In a pilot Phase I trial, intravenous injection of rMETase rapidly decreased methionine to undetectable levels and showed no side effects after administration over a 24 hour period (34,35). Subsequently, long-term studies of intravenously-administered rMETase showed rapid methionine depletion in macaque monkeys but anaphylaxis occurred unless the enzyme was PEGylated (36, 37). A breakthrough for rMETase occurred in 2018 when we reported that oral rMETase (o-rMETase) was effective in a pancreatic cancer cell line and patient-derived tumors in mice (38-41) o-rMETase could overcome gemcitabine resistance in a pancreatic-cancer cell line (39). Subsequently, we reported the efficacy of oral rMETase in breast cancer, sarcoma, and prostate cancer in PDOX models (20-22, 42-45) and clinically as a supplement in prostate cancer patients (20-22).
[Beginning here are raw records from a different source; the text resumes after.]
(* Let $\mathfrak{g}$ be a Lie algebra and $\beta\in\mathbb{C}$. Let $R_{J,I,E,F}$ be the $\mathbb{C}[\partial]$-module $\mathbb{C}[\partial]\otimes(\mathfrak{g}\ltimes\mathfrak{g}_{\mathrm{ad}})[u,v]\ \oplus\ \mathbb{C}[\partial]\otimes\big(\mathfrak{h}[u,v]/\mathbb{C}E[0,0]\big)$, where $\mathfrak{h}=\mathrm{span}\{E,F\}$ is a two-dimensional abelian Lie algebra, equipped with the $\lambda$-bracket (extended by sesquilinearity) given on generators by \begin{align*} &[J_a[m,n]_\lambda J_b[t,s]]=J_{[a,b]}[m+t,n+s],\quad [J_a[m,n]_\lambda I_b[t,s]]=I_{[a,b]}[m+t,n+s],\quad [I_a[m,n]_\lambda I_b[t,s]]=0,\\ &[J_a[m,n]_\lambda E[t,s]]=\beta\frac{sm-tn}{t+s}I_a[m+t-1,n+s-1],\\ &[J_a[m,n]_\lambda F[t,s]]=-\beta\Big(\lambda+\frac{m+n}{t+s+2}(\lambda+\partial)\Big)I_a[m+t,n+s], \end{align*} all brackets among the $I$, $E$, $F$ generators being zero, and the remaining brackets defined by skew-symmetry $[x_\lambda y]=-[y_{-\lambda-\partial}x]$. Then $R_{J,I,E,F}$ is a Lie conformal algebra.
   Context: $\mathfrak{g}\ltimes\mathfrak{g}_{\mathrm{ad}}$ is the Lie algebra of pairs $(a,x)$ with bracket $[(a,x),(b,y)]=([a,b],[a,y]-[b,x])$; for a Lie algebra $L$, $L[u,v]=L\otimes\mathbb{C}[u,v]$ with bracket $[x\otimes f,y\otimes g]=[x,y]\otimes fg$. Notation: $J_a[m,n]=(a,0)\otimes u^mv^n$, $I_a[m,n]=(0,a)\otimes u^mv^n$, $E[m,n]=E\otimes u^mv^n$, $F[m,n]=F\otimes u^mv^n$ for $m,n\ge0$ (and $E[0,0]$ is set to $0$). A Lie conformal algebra is a $\mathbb{C}[\partial]$-module $R$ with a bilinear map $[\cdot_\lambda\cdot]:R\otimes R\to R[\lambda]$ satisfying sesquilinearity $[\partial a_\lambda b]=-\lambda[a_\lambda b]$, $[a_\lambda\partial b]=(\lambda+\partial)[a_\lambda b]$, skew-symmetry $[a_\lambda b]=-[b_{-\lambda-\partial}a]$, and the Jacobi identity $[a_\lambda[b_\mu c]]=[b_\mu[a_\lambda c]]+[[a_\lambda b]_{\lambda+\mu}c]$. *)

theory Defs
  imports Complex_Main "HOL-Library.Function_Algebras" "HOL-Library.Product_Plus"
begin

definition complex_lie_algebra ::
  "(complex \<Rightarrow> 'a::ab_group_add \<Rightarrow> 'a) \<Rightarrow> ('a \<Rightarrow> 'a \<Rightarrow> 'a) \<Rightarrow> bool" where
  "complex_lie_algebra sm br \<longleftrightarrow>
     vector_space sm
   \<and> (\<forall>x y z. br (x + y) z = br x z + br y z)
   \<and> (\<forall>x y z. br x (y + z) = br x y + br x z)
   \<and> (\<forall>c x y. br (sm c x) y = sm c (br x y))
   \<and> (\<forall>c x y. br x (sm c y) = sm c (br x y))
   \<and> (\<forall>x. br x x = 0)
   \<and> (\<forall>x y z. br x (br y z) + br y (br z x) + br z (br x y) = 0)"

text \<open>The module is the subset C of the
  additive group 'r, with complex scaling sc and the action of d given by D.
  The lambda-bracket is given by its coefficients: lb a b j is the coefficient of
  lambda^j in [a_lambda b], an element of C[lambda] (finitely many nonzero coefficients).
  Skew-symmetry: substituting lambda := -lambda - d into sum_i lambda^i c_i gives
  sum_i (-lambda-d)^i c_i, whose lambda^j coefficient is
  sum_i (-1)^i (i choose j) d^(i-j) c_i.
  Jacobi identity: compare coefficients of lambda^p mu^q; the term
  [[a_lambda b]_(lambda+mu) c] = sum_j sum_r lambda^j (lambda+mu)^r lb (lb a b j) c r
  has lambda^p mu^q coefficient sum_(j<=p) ((p+q-j) choose q) lb (lb a b j) c (p+q-j).\<close>

definition lie_conformal_algebra ::
  "'r::ab_group_add set \<Rightarrow> (complex \<Rightarrow> 'r \<Rightarrow> 'r) \<Rightarrow> ('r \<Rightarrow> 'r) \<Rightarrow> ('r \<Rightarrow> 'r \<Rightarrow> nat \<Rightarrow> 'r) \<Rightarrow> bool"
  where
  "lie_conformal_algebra C sc D lb \<longleftrightarrow>
     \<comment> \<open>C is a complex vector space and D is a linear endomorphism (C[d]-module)\<close>
     vector_space sc \<and> 0 \<in> C \<and> (\<forall>a\<in>C. \<forall>b\<in>C. a + b \<in> C) \<and> (\<forall>z. \<forall>a\<in>C. sc z a \<in> C)
   \<and> (\<forall>a\<in>C. D a \<in> C) \<and> (\<forall>a\<in>C. \<forall>b\<in>C. D (a + b) = D a + D b)
   \<and> (\<forall>z. \<forall>a\<in>C. D (sc z a) = sc z (D a))
     \<comment> \<open>the lambda-bracket takes values in C[lambda]\<close>
   \<and> (\<forall>a\<in>C. \<forall>b\<in>C. (\<forall>j. lb a b j \<in> C) \<and> finite {j. lb a b j \<noteq> 0})
     \<comment> \<open>bilinearity\<close>
   \<and> (\<forall>a\<in>C. \<forall>b\<in>C. \<forall>c\<in>C. \<forall>j.
        lb (a + b) c j = lb a c j + lb b c j \<and> lb a (b + c) j = lb a b j + lb a c j)
   \<and> (\<forall>z. \<forall>a\<in>C. \<forall>b\<in>C. \<forall>j. lb (sc z a) b j = sc z (lb a b j) \<and> lb a (sc z b) j = sc z (lb a b j))
     \<comment> \<open>sesquilinearity: [d a_lambda b] = -lambda [a_lambda b]\<close>
   \<and> (\<forall>a\<in>C. \<forall>b\<in>C. lb (D a) b 0 = 0 \<and> (\<forall>j. lb (D a) b (Suc j) = - lb a b j))
     \<comment> \<open>sesquilinearity: [a_lambda d b] = (lambda + d) [a_lambda b]\<close>
   \<and> (\<forall>a\<in>C. \<forall>b\<in>C. lb a (D b) 0 = D (lb a b 0)
        \<and> (\<forall>j. lb a (D b) (Suc j) = lb a b j + D (lb a b (Suc j))))
     \<comment> \<open>skew-symmetry: [a_lambda b] = - [b_(-lambda-d) a]\<close>
   \<and> (\<forall>a\<in>C. \<forall>b\<in>C. \<forall>j. lb a b j =
        - (\<Sum>i\<in>{i. lb b a i \<noteq> 0}. sc ((-1) ^ i * of_nat (i choose j)) ((D ^^ (i - j)) (lb b a i))))
     \<comment> \<open>Jacobi identity\<close>
   \<and> (\<forall>a\<in>C. \<forall>b\<in>C. \<forall>c\<in>C. \<forall>p q.
        lb a (lb b c q) p = lb b (lb a c p) q
          + (\<Sum>j\<le>p. sc (of_nat ((p + q - j) choose q)) (lb (lb a b j) c (p + q - j))))"

text \<open>A component ('J-part', 'I-part', 'E-coefficient', 'F-coefficient') in g x g x C x C.
  An element r of R is a finitely supported function with r k m n the component of
  d^k (generator at [m,n]), i.e. r = sum d^k (J_{xJ}[m,n] + I_{xI}[m,n] + xE E[m,n] + xF F[m,n]).
  The quotient by C E[0,0] is realised by requiring the E-coefficient at [0,0] to vanish.\<close>

type_synonym 'a gcomp = "'a \<times> 'a \<times> complex \<times> complex"
type_synonym 'a Relt = "nat \<Rightarrow> nat \<Rightarrow> nat \<Rightarrow> 'a gcomp"

definition cJ :: "'a gcomp \<Rightarrow> 'a" where "cJ x = fst x"
definition cI :: "'a gcomp \<Rightarrow> 'a" where "cI x = fst (snd x)"
definition cE :: "'a gcomp \<Rightarrow> complex" where "cE x = fst (snd (snd x))"
definition cF :: "'a gcomp \<Rightarrow> complex" where "cF x = snd (snd (snd x))"

definition csc :: "(complex \<Rightarrow> 'a \<Rightarrow> 'a) \<Rightarrow> complex \<Rightarrow> 'a gcomp \<Rightarrow> 'a gcomp" where
  "csc sm z x = (sm z (cJ x), sm z (cI x), z * cE x, z * cF x)"

definition R_carrier :: "('a::zero) Relt set" where
  "R_carrier = {r. finite {(k, m, n). r k m n \<noteq> 0} \<and> (\<forall>k. cE (r k 0 0) = 0)}"

definition R_sc :: "(complex \<Rightarrow> 'a \<Rightarrow> 'a) \<Rightarrow> complex \<Rightarrow> 'a Relt \<Rightarrow> 'a Relt" where
  "R_sc sm z r = (\<lambda>k m n. csc sm z (r k m n))"

definition R_D :: "('a::zero) Relt \<Rightarrow> 'a Relt" where
  "R_D r = (\<lambda>k m n. case k of 0 \<Rightarrow> 0 | Suc k' \<Rightarrow> r k' m n)"

text \<open>Elements of R[lambda] = C[lambda,d] (x) generators: P j k p q is the component of
  lambda^j d^k (generator at [p,q]).\<close>

definition lmono :: "nat \<Rightarrow> nat \<Rightarrow> nat \<Rightarrow> nat \<Rightarrow> ('a::zero) gcomp \<Rightarrow> nat \<Rightarrow> 'a Relt" where
  "lmono j k p q c = (\<lambda>j' k' p' q'. if j' = j \<and> k' = k \<and> p' = p \<and> q' = q then c else 0)"

text \<open>Multiplication by the monomial c lambda^j0 d^k0.\<close>
definition lshift :: "(complex \<Rightarrow> 'a \<Rightarrow> 'a) \<Rightarrow> complex \<Rightarrow> nat \<Rightarrow> nat \<Rightarrow> (nat \<Rightarrow> ('a::zero) Relt) \<Rightarrow> nat \<Rightarrow> 'a Relt"
  where
  "lshift sm c j0 k0 P = (\<lambda>j k p q. if j0 \<le> j \<and> k0 \<le> k then csc sm c (P (j - j0) (k - k0) p q) else 0)"

text \<open>The brackets with J on the left are as given;
  those with J on the right are obtained by skew-symmetry:
  [I_a _lambda J_b] = -I_{[b,a]},
  [E[m,n] _lambda J_b[t,s]] = -beta (n t - m s)/(m+n) I_b[m+t-1,n+s-1],
  [F[m,n] _lambda J_b[t,s]] = beta (-lambda - d - (t+s)/(m+n+2) lambda) I_b[m+t,n+s].
  (When m+t = 0 or n+s = 0 the coefficients of the [m+t-1,n+s-1] terms vanish.)\<close>

definition gen_br :: "(complex \<Rightarrow> 'a::ab_group_add \<Rightarrow> 'a) \<Rightarrow> ('a \<Rightarrow> 'a \<Rightarrow> 'a) \<Rightarrow> complex \<Rightarrow>
    'a gcomp \<Rightarrow> nat \<Rightarrow> nat \<Rightarrow> 'a gcomp \<Rightarrow> nat \<Rightarrow> nat \<Rightarrow> nat \<Rightarrow> 'a Relt" where
  "gen_br sm br \<beta> x m n y t s =
    (let M = (of_nat (m + n) :: complex); T = (of_nat (t + s) :: complex) in
       lmono 0 0 (m + t) (n + s)
         (br (cJ x) (cJ y), br (cJ x) (cI y) - br (cJ y) (cI x), 0, 0)
     + lmono 1 0 (m + t) (n + s)
         (0, sm (- \<beta> * cF y * (1 + M / (T + 2))) (cJ x)
             + sm (\<beta> * cF x * (- 1 - T / (M + 2))) (cJ y), 0, 0)
     + lmono 0 1 (m + t) (n + s)
         (0, sm (- \<beta> * cF y * (M / (T + 2))) (cJ x)
             + sm (- \<beta> * cF x) (cJ y), 0, 0)
     + lmono 0 0 (m + t - 1) (n + s - 1)
         (0, sm (\<beta> * cE y * ((of_nat (s * m) - of_nat (t * n)) / T)) (cJ x)
             - sm (\<beta> * cE x * ((of_nat (n * t) - of_nat (m * s)) / M)) (cJ y), 0, 0))"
In the present pancreatic-cancer case, methionine restriction with o-rMETase and a low-methionine diet showed apparent synergistic efficacy in combination with FOLFIRINOX and FOLFIRI. The patient had stable disease and remains alive with a high-performance status 19 months after diagnosis. In pancreatic cancer patients on FOLFIRINOX alone, less than 5% of the cancer patients had stable disease 1.5 years after diagnosis. Future studies will include more individual case studies with o-rMETase as supplement and subsequent clinical trials. Methionine addiction is the fundamental basis of malignancy and is targeted by methionine restriction (46,47).
Acknowledgements
This paper is dedicated to the memory of A. R. Moossa, M.D., Sun Lee, M.D., Professor Li Jiaxi, Masaki Kitajima, M.D., and Joseph R. Bertino, M.D.
Footnotes
Authors’ Contributions
YK, TT, and RMH wrote the paper. QH produced methioninase. JY, NM, and YA revised the manuscript. CH provided the patient data.
Conflicts of Interest
The Authors declare no competing interests in relation to this work.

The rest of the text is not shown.